*** Opening Records shown ***

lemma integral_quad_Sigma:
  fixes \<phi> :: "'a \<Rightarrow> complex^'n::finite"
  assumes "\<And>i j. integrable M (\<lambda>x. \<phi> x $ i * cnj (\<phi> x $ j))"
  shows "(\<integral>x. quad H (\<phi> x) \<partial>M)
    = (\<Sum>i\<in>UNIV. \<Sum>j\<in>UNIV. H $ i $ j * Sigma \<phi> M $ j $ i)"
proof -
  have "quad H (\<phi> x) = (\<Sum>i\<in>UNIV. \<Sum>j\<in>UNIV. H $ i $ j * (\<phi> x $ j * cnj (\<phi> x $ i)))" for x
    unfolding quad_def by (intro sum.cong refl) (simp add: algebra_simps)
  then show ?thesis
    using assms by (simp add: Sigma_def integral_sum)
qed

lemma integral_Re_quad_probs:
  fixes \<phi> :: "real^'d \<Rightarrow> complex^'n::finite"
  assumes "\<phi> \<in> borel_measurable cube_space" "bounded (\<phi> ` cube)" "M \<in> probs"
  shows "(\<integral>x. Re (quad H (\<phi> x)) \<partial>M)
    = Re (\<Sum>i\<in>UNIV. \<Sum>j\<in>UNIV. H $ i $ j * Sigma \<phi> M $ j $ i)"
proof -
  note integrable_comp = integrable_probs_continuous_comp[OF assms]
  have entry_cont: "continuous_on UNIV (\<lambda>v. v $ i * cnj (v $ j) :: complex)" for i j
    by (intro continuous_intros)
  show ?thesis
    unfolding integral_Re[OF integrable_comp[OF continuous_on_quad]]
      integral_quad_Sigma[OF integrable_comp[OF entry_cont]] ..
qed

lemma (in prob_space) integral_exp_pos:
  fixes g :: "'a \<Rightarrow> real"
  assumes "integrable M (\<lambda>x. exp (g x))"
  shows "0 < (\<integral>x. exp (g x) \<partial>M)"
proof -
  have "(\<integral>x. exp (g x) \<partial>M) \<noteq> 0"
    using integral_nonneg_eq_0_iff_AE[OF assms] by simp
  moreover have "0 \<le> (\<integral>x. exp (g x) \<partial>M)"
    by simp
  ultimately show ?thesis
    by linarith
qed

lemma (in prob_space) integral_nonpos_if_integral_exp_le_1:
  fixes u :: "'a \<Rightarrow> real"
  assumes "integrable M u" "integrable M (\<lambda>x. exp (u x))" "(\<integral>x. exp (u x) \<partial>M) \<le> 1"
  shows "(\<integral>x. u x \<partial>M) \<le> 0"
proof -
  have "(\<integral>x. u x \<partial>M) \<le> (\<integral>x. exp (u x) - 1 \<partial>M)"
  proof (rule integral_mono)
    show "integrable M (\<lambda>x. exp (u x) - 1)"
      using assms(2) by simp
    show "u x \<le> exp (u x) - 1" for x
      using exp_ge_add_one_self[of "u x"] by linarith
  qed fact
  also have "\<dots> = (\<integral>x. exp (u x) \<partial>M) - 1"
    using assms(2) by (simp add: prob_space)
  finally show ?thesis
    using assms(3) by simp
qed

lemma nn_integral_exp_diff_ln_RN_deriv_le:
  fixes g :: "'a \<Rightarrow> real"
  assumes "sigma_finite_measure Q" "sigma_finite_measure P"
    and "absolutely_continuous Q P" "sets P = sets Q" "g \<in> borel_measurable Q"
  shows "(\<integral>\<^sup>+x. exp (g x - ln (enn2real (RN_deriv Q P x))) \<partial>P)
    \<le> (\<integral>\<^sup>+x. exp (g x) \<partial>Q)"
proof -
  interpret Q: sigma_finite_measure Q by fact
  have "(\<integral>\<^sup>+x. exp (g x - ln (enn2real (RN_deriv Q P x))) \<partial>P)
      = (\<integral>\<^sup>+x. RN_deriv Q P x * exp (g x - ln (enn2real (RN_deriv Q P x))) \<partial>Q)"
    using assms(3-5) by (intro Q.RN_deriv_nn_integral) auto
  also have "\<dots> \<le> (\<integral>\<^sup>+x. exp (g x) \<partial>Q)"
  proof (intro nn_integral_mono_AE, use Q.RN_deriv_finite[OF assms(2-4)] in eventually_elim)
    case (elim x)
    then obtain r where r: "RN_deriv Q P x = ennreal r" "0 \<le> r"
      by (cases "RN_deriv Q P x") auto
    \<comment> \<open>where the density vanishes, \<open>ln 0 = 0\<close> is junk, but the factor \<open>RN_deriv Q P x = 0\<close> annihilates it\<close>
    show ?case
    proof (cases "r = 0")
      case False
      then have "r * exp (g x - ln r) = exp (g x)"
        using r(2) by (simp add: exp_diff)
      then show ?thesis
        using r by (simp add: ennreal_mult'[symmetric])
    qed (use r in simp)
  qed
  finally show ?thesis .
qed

*** Closing Records shown ***

## Work order
Exactly as written, repeat each line from the beginning of the data above to the line containing "x) = (\<Sum>i\<in>UNIV.", inclusive.

## Finished exercise
lemma integral_quad_Sigma:
  fixes \<phi> :: "'a \<Rightarrow> complex^'n::finite"
  assumes "\<And>i j. integrable M (\<lambda>x. \<phi> x $ i * cnj (\<phi> x $ j))"
  shows "(\<integral>x. quad H (\<phi> x) \<partial>M)
    = (\<Sum>i\<in>UNIV. \<Sum>j\<in>UNIV. H $ i $ j * Sigma \<phi> M $ j $ i)"
proof -
  have "quad H (\<phi> x) = (\<Sum>i\<in>UNIV. \<Sum>j\<in>UNIV. H $ i $ j * (\<phi> x $ j * cnj (\<phi> x $ i)))" for x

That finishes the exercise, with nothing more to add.